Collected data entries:
* * * * *

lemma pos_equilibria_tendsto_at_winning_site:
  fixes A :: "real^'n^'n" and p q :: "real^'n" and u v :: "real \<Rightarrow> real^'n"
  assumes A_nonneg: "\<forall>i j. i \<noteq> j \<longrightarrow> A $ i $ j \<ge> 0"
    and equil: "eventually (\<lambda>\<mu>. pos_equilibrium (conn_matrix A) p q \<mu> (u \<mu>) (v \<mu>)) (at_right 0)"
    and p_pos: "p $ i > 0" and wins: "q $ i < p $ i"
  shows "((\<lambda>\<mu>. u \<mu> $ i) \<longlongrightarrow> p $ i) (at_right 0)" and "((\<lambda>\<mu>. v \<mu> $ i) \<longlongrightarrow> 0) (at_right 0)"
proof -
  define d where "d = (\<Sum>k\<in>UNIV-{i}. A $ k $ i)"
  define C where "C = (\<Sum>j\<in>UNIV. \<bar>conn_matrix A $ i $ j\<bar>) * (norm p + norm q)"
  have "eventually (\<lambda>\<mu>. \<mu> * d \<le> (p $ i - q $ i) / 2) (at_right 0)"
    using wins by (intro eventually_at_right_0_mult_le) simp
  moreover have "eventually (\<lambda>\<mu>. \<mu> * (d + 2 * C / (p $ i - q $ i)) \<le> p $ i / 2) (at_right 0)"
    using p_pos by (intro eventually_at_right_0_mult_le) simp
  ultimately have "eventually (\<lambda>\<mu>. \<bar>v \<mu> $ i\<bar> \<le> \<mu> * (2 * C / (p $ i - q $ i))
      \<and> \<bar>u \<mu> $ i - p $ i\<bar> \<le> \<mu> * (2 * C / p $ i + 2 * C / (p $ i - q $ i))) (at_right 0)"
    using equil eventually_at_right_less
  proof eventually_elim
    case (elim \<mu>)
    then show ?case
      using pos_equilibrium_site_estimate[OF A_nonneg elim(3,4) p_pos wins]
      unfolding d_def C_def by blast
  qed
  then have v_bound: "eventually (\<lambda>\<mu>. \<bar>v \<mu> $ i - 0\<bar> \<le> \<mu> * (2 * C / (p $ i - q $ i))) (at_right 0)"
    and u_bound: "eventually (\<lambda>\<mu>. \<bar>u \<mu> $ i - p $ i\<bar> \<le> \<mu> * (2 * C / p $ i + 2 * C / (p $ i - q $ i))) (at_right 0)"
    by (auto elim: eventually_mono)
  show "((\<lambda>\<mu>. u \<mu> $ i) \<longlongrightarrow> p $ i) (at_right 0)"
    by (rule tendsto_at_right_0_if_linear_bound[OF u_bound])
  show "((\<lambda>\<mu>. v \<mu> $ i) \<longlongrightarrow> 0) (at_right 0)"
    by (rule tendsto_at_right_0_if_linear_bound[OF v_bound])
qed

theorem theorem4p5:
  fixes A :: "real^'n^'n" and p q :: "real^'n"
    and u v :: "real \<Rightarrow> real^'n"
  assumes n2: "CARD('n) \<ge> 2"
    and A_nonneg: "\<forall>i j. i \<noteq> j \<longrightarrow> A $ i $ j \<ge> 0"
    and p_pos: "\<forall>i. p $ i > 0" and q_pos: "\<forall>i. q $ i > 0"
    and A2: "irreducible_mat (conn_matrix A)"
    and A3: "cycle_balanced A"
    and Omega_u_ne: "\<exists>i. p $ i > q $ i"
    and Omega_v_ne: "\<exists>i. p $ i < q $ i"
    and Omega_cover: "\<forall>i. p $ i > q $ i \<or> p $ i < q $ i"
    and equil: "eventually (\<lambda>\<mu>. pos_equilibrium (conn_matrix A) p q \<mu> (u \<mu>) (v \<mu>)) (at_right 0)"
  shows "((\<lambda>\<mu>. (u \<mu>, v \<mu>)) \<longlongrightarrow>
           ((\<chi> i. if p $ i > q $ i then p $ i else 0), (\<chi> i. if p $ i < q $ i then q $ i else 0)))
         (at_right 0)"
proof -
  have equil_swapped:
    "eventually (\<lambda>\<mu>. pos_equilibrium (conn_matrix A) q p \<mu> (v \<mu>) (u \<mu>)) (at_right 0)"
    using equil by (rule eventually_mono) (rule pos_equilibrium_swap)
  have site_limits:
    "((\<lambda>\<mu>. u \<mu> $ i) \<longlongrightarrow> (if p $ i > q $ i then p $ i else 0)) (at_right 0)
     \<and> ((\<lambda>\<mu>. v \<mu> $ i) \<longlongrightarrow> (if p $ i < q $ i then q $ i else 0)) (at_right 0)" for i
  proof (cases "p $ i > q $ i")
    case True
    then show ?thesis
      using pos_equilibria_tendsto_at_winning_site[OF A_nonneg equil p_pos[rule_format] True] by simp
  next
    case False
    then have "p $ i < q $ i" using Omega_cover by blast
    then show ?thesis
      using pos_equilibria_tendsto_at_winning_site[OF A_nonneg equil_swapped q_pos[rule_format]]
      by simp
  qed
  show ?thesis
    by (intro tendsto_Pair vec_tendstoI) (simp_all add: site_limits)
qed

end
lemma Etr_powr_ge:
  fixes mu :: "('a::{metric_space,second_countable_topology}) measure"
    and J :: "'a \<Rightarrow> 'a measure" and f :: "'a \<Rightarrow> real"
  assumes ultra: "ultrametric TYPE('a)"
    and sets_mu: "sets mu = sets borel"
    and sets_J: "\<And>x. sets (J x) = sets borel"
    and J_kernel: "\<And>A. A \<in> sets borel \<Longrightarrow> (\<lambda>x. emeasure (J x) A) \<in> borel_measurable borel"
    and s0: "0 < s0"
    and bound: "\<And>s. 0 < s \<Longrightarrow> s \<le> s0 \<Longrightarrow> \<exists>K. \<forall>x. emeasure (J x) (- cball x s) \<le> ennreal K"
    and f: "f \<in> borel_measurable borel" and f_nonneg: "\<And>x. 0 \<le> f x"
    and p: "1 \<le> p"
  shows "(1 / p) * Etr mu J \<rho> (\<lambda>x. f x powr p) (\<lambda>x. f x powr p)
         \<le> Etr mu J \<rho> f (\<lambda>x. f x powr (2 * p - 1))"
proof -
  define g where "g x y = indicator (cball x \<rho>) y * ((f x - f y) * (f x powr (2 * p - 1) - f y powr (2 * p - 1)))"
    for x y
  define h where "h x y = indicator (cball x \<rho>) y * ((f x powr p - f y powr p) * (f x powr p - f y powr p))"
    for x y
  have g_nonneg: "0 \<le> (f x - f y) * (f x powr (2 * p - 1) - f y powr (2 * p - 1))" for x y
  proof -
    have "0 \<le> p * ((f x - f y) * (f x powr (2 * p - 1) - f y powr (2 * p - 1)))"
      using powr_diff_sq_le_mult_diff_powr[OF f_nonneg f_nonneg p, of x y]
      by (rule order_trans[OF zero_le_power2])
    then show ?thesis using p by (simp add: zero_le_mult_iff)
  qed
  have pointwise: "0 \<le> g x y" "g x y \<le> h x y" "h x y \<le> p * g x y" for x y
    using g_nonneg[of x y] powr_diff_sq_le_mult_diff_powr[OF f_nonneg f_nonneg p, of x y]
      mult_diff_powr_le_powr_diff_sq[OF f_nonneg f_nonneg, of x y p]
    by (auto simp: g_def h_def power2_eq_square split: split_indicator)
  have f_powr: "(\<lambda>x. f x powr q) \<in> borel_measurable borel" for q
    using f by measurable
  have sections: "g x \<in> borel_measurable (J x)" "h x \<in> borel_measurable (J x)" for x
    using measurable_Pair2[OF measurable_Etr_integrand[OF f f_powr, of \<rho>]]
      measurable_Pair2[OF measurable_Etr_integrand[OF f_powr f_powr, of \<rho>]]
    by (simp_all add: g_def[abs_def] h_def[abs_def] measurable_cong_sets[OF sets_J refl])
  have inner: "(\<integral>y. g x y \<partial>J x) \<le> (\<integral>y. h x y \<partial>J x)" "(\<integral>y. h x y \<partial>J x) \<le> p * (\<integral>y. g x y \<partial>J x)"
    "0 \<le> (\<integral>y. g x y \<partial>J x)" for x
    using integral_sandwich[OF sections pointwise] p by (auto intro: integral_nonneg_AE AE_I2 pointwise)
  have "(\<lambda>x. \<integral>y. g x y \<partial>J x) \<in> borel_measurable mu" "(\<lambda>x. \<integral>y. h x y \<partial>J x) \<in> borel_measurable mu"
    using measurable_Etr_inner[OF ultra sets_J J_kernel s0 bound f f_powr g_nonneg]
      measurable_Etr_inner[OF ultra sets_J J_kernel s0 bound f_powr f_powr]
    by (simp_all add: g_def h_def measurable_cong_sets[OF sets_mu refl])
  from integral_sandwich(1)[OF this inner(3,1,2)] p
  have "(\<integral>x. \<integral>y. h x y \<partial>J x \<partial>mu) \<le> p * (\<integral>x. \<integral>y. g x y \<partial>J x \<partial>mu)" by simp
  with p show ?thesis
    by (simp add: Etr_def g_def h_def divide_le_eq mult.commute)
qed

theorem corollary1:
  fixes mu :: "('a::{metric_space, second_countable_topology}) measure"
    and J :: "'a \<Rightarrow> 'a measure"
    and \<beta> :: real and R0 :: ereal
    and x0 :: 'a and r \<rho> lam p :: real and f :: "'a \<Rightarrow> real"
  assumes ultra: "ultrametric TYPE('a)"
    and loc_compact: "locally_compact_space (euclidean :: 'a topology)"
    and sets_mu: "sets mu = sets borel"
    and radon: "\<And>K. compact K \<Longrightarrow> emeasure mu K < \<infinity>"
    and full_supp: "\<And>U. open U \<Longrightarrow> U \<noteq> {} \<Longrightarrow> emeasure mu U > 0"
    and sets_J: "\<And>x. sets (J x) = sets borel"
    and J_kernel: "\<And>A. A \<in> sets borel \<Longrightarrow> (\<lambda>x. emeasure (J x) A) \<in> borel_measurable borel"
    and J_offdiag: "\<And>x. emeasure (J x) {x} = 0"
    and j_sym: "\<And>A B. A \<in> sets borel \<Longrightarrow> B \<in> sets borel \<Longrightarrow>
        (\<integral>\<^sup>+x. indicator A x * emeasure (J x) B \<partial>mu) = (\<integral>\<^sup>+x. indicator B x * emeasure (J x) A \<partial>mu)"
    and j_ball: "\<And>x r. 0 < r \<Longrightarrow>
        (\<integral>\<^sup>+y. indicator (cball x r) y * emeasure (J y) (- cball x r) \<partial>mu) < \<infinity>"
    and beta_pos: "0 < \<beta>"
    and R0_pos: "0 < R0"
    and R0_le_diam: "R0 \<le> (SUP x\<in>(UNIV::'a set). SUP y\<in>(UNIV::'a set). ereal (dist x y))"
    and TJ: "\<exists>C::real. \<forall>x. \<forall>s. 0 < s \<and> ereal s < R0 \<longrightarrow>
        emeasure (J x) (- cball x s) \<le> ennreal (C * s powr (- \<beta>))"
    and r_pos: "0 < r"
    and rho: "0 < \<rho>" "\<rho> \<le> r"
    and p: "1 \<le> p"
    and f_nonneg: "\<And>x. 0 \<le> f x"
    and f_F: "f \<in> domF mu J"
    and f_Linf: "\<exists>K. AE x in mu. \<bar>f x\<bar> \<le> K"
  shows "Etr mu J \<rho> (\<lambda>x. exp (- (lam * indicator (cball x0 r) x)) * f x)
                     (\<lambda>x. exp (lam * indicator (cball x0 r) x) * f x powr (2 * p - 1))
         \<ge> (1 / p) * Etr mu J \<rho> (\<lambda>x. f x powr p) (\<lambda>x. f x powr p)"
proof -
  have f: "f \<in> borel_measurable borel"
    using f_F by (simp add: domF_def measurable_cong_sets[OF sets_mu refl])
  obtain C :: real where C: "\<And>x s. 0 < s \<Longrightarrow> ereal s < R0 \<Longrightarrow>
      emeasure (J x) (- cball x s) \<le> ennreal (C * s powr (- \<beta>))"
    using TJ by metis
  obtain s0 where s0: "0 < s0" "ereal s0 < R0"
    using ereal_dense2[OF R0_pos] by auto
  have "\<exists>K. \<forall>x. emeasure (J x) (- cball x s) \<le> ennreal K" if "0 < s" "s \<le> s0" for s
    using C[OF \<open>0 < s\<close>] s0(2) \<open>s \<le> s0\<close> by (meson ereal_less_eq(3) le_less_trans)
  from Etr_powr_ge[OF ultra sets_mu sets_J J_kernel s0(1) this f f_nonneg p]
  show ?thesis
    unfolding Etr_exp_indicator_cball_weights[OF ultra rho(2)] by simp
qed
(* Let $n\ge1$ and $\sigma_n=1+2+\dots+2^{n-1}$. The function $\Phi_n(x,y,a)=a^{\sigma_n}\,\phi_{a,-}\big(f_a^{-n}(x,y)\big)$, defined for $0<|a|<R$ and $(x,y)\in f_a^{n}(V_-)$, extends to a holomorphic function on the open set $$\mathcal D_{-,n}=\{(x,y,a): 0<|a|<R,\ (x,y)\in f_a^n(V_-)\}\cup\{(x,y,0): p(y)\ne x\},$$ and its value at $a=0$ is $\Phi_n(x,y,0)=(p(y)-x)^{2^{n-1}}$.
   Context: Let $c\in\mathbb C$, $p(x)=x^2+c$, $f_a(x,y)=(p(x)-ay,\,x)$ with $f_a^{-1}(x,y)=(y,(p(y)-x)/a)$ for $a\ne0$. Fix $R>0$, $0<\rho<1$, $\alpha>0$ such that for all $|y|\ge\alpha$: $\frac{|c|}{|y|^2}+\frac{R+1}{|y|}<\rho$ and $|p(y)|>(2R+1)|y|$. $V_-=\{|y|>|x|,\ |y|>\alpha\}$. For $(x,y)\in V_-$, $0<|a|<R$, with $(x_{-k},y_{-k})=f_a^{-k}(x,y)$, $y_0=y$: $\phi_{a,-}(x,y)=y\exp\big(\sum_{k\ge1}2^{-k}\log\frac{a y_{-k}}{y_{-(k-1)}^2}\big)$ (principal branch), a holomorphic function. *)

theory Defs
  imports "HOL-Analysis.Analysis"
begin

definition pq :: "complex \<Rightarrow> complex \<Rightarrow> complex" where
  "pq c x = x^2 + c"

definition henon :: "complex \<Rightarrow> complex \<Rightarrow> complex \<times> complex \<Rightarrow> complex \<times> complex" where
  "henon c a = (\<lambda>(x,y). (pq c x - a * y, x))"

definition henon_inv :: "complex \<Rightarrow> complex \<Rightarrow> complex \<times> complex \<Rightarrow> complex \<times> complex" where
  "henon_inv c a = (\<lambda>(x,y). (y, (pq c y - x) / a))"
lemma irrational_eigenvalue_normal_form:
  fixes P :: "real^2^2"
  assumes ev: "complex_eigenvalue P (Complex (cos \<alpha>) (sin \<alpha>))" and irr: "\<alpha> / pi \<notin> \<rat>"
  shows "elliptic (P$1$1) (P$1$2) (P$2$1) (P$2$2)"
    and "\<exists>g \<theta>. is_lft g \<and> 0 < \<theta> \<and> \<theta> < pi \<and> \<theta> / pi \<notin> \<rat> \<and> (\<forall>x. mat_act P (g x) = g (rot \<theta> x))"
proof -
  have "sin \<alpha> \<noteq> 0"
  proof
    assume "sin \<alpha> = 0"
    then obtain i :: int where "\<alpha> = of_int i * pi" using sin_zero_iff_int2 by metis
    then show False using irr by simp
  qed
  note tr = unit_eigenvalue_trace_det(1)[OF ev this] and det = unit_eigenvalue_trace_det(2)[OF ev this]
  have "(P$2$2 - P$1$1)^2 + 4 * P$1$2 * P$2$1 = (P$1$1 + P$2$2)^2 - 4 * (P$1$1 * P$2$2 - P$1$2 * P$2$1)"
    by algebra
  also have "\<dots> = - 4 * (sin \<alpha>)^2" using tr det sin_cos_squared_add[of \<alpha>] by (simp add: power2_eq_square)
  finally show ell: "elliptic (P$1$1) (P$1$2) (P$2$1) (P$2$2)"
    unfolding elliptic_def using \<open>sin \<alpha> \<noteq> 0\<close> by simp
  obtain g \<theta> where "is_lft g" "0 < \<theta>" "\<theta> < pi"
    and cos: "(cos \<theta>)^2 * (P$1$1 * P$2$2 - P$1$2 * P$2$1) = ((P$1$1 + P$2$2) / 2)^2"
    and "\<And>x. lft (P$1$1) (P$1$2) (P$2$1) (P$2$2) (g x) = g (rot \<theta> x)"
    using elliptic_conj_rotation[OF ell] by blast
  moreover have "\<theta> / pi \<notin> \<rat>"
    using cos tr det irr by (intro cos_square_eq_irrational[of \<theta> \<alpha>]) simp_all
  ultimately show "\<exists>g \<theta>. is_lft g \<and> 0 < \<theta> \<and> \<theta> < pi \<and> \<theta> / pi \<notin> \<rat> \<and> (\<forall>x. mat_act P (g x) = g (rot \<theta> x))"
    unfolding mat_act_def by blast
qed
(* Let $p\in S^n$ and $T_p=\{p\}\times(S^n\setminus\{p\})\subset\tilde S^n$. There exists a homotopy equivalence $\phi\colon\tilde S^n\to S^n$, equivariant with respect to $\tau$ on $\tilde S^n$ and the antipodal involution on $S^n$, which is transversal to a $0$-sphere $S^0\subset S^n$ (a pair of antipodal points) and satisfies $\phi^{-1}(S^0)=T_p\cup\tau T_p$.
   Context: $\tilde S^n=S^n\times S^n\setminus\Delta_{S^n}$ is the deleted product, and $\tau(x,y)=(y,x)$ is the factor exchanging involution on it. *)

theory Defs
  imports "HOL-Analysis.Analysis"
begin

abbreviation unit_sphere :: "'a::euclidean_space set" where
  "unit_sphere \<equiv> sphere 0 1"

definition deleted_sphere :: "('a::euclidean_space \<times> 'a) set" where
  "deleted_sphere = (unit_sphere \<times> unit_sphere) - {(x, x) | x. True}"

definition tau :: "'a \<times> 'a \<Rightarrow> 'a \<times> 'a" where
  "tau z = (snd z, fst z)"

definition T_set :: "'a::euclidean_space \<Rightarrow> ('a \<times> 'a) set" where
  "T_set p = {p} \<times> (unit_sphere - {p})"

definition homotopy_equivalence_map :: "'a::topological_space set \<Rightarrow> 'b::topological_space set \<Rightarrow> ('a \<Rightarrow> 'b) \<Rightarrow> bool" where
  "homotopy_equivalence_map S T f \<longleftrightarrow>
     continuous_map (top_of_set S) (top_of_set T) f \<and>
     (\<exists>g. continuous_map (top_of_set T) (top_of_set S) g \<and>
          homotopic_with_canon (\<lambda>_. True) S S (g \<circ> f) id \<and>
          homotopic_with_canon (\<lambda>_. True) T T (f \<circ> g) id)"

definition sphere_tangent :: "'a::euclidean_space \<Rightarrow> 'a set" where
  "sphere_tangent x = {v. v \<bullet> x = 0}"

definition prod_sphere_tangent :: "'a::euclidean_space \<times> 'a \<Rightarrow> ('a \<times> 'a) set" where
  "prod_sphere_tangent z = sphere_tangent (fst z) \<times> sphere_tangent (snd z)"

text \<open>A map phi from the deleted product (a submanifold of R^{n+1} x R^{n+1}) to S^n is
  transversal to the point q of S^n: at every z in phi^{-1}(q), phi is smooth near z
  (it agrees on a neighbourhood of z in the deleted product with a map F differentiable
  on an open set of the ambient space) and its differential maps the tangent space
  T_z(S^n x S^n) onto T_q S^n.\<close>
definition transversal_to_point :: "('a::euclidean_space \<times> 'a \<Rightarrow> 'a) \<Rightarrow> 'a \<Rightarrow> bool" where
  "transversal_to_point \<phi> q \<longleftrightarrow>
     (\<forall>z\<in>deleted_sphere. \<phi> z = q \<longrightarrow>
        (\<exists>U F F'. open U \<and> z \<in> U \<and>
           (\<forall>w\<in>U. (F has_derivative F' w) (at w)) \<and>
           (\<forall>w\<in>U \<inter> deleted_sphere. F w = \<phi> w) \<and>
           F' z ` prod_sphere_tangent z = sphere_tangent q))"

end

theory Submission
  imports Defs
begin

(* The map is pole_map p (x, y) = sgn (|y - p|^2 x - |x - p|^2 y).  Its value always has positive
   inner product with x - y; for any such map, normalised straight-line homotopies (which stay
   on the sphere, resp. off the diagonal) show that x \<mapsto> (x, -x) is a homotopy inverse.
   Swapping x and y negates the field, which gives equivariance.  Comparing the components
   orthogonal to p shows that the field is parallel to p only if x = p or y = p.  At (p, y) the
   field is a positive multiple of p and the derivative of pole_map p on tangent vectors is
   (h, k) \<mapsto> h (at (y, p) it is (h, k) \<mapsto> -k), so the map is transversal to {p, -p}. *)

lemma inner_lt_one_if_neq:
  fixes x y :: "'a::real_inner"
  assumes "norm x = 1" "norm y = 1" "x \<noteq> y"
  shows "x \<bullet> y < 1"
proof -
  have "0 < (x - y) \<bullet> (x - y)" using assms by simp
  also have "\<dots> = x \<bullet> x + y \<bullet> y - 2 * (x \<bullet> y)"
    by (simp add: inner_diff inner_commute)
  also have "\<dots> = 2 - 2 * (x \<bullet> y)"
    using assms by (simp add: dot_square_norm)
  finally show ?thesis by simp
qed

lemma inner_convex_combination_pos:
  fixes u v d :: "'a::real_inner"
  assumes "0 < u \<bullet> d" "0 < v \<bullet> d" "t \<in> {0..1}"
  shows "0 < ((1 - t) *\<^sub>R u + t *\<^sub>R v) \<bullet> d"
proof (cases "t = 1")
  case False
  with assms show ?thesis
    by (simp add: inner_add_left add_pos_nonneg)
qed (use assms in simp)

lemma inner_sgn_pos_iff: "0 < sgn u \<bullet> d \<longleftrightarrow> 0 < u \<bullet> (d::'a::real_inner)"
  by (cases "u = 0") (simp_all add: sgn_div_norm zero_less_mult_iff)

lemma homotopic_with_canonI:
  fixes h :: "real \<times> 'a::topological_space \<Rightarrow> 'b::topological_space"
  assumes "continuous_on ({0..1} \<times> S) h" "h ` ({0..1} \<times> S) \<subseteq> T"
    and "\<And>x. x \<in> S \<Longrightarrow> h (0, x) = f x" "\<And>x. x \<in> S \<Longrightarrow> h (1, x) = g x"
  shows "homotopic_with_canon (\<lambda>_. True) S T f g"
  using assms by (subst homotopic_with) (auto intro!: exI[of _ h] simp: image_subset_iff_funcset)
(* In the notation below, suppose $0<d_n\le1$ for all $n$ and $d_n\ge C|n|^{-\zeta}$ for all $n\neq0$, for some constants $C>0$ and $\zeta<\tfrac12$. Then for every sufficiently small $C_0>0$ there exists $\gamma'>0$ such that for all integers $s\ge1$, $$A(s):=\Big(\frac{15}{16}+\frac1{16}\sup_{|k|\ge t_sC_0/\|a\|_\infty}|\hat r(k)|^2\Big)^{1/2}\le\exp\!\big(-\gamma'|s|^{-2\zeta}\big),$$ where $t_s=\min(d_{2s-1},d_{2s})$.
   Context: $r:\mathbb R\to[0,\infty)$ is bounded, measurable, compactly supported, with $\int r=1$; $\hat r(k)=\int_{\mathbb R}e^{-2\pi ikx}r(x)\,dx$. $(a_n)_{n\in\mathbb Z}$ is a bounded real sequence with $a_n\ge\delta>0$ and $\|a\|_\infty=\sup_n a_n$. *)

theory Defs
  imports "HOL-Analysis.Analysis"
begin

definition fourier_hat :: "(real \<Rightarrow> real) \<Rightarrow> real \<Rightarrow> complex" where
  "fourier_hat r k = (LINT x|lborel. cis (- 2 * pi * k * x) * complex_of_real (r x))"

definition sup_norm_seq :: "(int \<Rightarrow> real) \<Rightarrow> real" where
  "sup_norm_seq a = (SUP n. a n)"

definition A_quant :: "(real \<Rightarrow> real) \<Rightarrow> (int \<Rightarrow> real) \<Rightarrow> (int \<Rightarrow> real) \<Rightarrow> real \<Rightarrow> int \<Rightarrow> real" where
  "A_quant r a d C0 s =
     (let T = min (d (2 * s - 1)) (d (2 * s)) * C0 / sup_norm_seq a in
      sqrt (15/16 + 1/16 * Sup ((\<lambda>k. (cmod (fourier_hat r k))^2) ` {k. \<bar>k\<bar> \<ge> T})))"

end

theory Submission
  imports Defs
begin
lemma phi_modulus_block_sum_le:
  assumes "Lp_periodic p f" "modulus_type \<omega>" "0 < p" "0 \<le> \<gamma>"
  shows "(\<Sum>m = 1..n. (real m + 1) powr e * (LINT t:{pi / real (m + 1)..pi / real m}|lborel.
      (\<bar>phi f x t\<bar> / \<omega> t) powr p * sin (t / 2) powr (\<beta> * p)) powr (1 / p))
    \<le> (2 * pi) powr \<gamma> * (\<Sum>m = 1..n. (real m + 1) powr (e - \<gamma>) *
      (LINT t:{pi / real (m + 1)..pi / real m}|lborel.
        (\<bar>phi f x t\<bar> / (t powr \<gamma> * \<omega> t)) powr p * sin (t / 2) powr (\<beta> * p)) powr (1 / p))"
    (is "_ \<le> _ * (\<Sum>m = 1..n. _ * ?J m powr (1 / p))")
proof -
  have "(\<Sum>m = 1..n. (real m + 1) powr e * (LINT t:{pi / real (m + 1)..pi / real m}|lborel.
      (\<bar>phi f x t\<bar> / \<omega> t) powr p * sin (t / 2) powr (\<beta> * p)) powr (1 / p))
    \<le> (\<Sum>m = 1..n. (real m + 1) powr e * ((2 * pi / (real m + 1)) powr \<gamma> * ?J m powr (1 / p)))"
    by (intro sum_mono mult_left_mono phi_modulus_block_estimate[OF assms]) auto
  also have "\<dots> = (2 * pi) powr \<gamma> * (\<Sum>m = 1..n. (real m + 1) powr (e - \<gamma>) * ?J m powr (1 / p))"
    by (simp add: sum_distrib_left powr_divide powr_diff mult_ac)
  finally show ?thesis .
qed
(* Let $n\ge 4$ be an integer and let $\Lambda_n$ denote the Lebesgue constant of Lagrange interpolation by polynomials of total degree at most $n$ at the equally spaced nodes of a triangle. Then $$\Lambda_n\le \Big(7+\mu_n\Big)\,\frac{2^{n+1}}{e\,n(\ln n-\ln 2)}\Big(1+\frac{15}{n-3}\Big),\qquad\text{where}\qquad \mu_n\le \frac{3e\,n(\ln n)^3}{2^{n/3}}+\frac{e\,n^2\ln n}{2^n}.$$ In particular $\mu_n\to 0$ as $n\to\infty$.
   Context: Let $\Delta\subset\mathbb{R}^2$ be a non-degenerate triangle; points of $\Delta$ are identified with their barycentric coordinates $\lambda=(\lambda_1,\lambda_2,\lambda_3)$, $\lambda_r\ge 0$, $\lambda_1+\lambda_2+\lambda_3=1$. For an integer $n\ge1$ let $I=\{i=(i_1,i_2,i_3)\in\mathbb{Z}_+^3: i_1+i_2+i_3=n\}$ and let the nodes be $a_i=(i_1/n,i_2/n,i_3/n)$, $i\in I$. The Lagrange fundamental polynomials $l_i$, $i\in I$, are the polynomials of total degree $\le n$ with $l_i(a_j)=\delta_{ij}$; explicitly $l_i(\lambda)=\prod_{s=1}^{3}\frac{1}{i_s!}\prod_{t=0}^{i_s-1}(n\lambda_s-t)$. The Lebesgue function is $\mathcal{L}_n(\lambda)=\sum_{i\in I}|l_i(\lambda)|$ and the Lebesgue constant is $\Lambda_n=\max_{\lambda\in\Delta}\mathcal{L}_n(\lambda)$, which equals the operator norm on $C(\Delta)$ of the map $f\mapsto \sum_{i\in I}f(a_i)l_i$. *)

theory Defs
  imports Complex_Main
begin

* * * * *

» Try it: Nothing should be returned except the lines from the first line of the data above through the line with "using wins by", each one exact.

» Task result:
lemma pos_equilibria_tendsto_at_winning_site:
  fixes A :: "real^'n^'n" and p q :: "real^'n" and u v :: "real \<Rightarrow> real^'n"
  assumes A_nonneg: "\<forall>i j. i \<noteq> j \<longrightarrow> A $ i $ j \<ge> 0"
    and equil: "eventually (\<lambda>\<mu>. pos_equilibrium (conn_matrix A) p q \<mu> (u \<mu>) (v \<mu>)) (at_right 0)"
    and p_pos: "p $ i > 0" and wins: "q $ i < p $ i"
  shows "((\<lambda>\<mu>. u \<mu> $ i) \<longlongrightarrow> p $ i) (at_right 0)" and "((\<lambda>\<mu>. v \<mu> $ i) \<longlongrightarrow> 0) (at_right 0)"
proof -
  define d where "d = (\<Sum>k\<in>UNIV-{i}. A $ k $ i)"
  define C where "C = (\<Sum>j\<in>UNIV. \<bar>conn_matrix A $ i $ j\<bar>) * (norm p + norm q)"
  have "eventually (\<lambda>\<mu>. \<mu> * d \<le> (p $ i - q $ i) / 2) (at_right 0)"
    using wins by (intro eventually_at_right_0_mult_le) simp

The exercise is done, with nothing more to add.